Esta conversación versa sobre su trabajo junto al Nuevo Ejército del Pueblo (NPA, por sus siglas en inglés) en Filipinas, país al que llegó 2013 tras obtener una plaza como Visiting Research Fellow en el Centre for International Studies, University of the Philippines Diliman, en Manila. Como resultado de su inmersión y participación activa en la guerrilla, Polo realizó la película El barro de la revolución (2019) y un volumen compilatorio de poesía revolucionaria del NPA, en el marco de su muestra en el Centro de Arte 2 de Mayo de Madrid, “Paloma Polo. El Barro de la Revolución” (2019).

Miguel y Alejandro.

Uno de los ejes más debatidos sobre estética de la ecología política es la crítica al binarismo, lo que en términos más concretos puede pensarse como una crítica de la división entre sujeto y objeto, en este caso de la representación. ¿Tenías estas cuestiones presentes durante tu trabajo con la guerrilla del NPA?

Film still. Video HD.
120’ 8’’. Colour and sound. 2019

Paloma:

Sin poder ahondar en la complejidad de los marcos y discusiones que se dan desde la crítica al binarismo, sí quisiera abordar cómo se entiende esta cuestión —o mejor dicho cómo se trabaja— en la lucha filipina pues quizás sea la mejor manera de explicar este movimiento de lucha. La política filipina no está, en la práctica, tratando al Estado o a la revolución como a un objeto, ni como a un significante universalizado. El segmento actual de su proceso revolucionario se refunda en 1968 desde una serie de prescripciones correctas puesto que lo impulsan exitosamente. Yo pienso que no se trata tanto de concepciones apriorísticas sino de entender que el mundo del futuro ha de verse reflejado en la configuración de la lucha y de su organización ahora. Y, por tanto, que este es un proceso constante de transformación que ha de ponerse en cuestión y reconsiderarse cotidianamente.

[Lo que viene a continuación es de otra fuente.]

text \<open>
  Put \<open>W = P\<^sub>T\<^sub>\<bottom> Y\<close> and \<open>Z = U V\<^sup>T + W\<close>. Since \<open>U\<^sup>T W = 0\<close>, \<open>W V = 0\<close> and \<open>\<parallel>W\<parallel> \<le> 1\<close>,
  \<open>Z\<close> is a contraction, so \<open>\<langle>Z, X\<rangle> \<le> \<parallel>X\<parallel>\<^sub>*\<close> for every \<open>X\<close> (evaluate the trace in an eigenbasis
  of \<open>X\<^sup>T X\<close>), while \<open>\<langle>Z, M\<rangle> = trace \<Sigma> = \<parallel>M\<parallel>\<^sub>*\<close>. Condition (b) reads \<open>Y = Z + M/\<tau>\<close>, and (a)
  makes \<open>Y\<close> orthogonal to \<open>H = X - M\<close> for every feasible \<open>X\<close>. Expanding the objective at
  \<open>X = M + H\<close> then gives
  \<open>\<parallel>X\<parallel>\<^sub>* + \<parallel>X\<parallel>\<^sub>F\<^sup>2/(2\<tau>) \<ge> \<parallel>M\<parallel>\<^sub>* + \<parallel>M\<parallel>\<^sub>F\<^sup>2/(2\<tau>) + \<langle>Y, H\<rangle> + \<parallel>H\<parallel>\<^sub>F\<^sup>2/(2\<tau>)\<close>,
  which is strict for \<open>H \<noteq> 0\<close>.
\<close>

declare transpose_matrix_vector [simp del]

lemma inner_matrix_vector_transpose:
  "((A::real^'n^'m) *v x) \<bullet> y = x \<bullet> (transpose A *v y)"
  by (metis dot_lmul_matrix inner_commute transpose_matrix_vector)

lemma symmetric_matrix_inner:
  "transpose (A::real^'n^'n) = A \<Longrightarrow> (A *v x) \<bullet> y = x \<bullet> (A *v y)"
  by (simp add: inner_matrix_vector_transpose)

section \<open>Orthonormal bases\<close>

definition orthonormal_basis :: "(real^'n) set \<Rightarrow> bool" where
  "orthonormal_basis B \<longleftrightarrow> finite B \<and> (\<forall>b\<in>B. norm b = 1) \<and> pairwise orthogonal B \<and> span B = UNIV"

lemma inner_sum_orthonormal_basis:
  assumes "orthonormal_basis B" "b \<in> B"
  shows "b \<bullet> (\<Sum>c\<in>B. u c *\<^sub>R c) = u b"
proof -
  have "b \<bullet> (\<Sum>c\<in>B. u c *\<^sub>R c) = (\<Sum>c\<in>B. if c = b then u b else 0)"
    unfolding inner_sum_right
  proof (rule sum.cong)
    fix c assume "c \<in> B"
    with assms show "b \<bullet> u c *\<^sub>R c = (if c = b then u b else 0)"
      by (auto simp: orthonormal_basis_def pairwise_def orthogonal_def norm_eq_1)
  qed simp
  also have "\<dots> = u b" using assms by (simp add: orthonormal_basis_def)
  finally show ?thesis .
qed

lemma orthonormal_basis_vector_eqI:
  assumes "orthonormal_basis B" "\<And>b. b \<in> B \<Longrightarrow> b \<bullet> x = b \<bullet> y"
  shows "x = y"
  using assms by (intro vector_eq_dot_span[of x B]) (auto simp: orthonormal_basis_def)

lemma orthonormal_basis_sum_components:
  assumes "orthonormal_basis B"
  shows "(\<Sum>b\<in>B. b$j * b$k) = (if j = k then 1 else 0)"
proof -
  have "(\<Sum>b\<in>B. (axis k 1 \<bullet> b) *\<^sub>R b) = axis k (1::real)"
    using assms by (intro orthonormal_basis_expand) (auto simp: orthonormal_basis_def)
  hence "(\<Sum>b\<in>B. (axis k 1 \<bullet> b) *\<^sub>R b) $ j = axis k (1::real) $ j" by simp
  moreover have "(\<Sum>b\<in>B. (axis k 1 \<bullet> b) *\<^sub>R b) $ j = (\<Sum>b\<in>B. b$j * b$k)"
    by (simp add: sum_component inner_axis' mult.commute)
  ultimately show ?thesis by (simp add: axis_def)
qed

En términos del antropólogo Sylvain Lazarus, la conciencia política filipina no es una toma de consciencia de la situación, sino hacer frente a la situación. Desde mi punto de vista ha funcionado por esta razón y ha sabido rectificar cuando en algunos momentos —como en los 90— dejó de hacer frente a la situación, desligándose del pueblo y la realidad en pos de un giro militarista y, en otra vertiente y facción, hacia un viraje parlamentarista.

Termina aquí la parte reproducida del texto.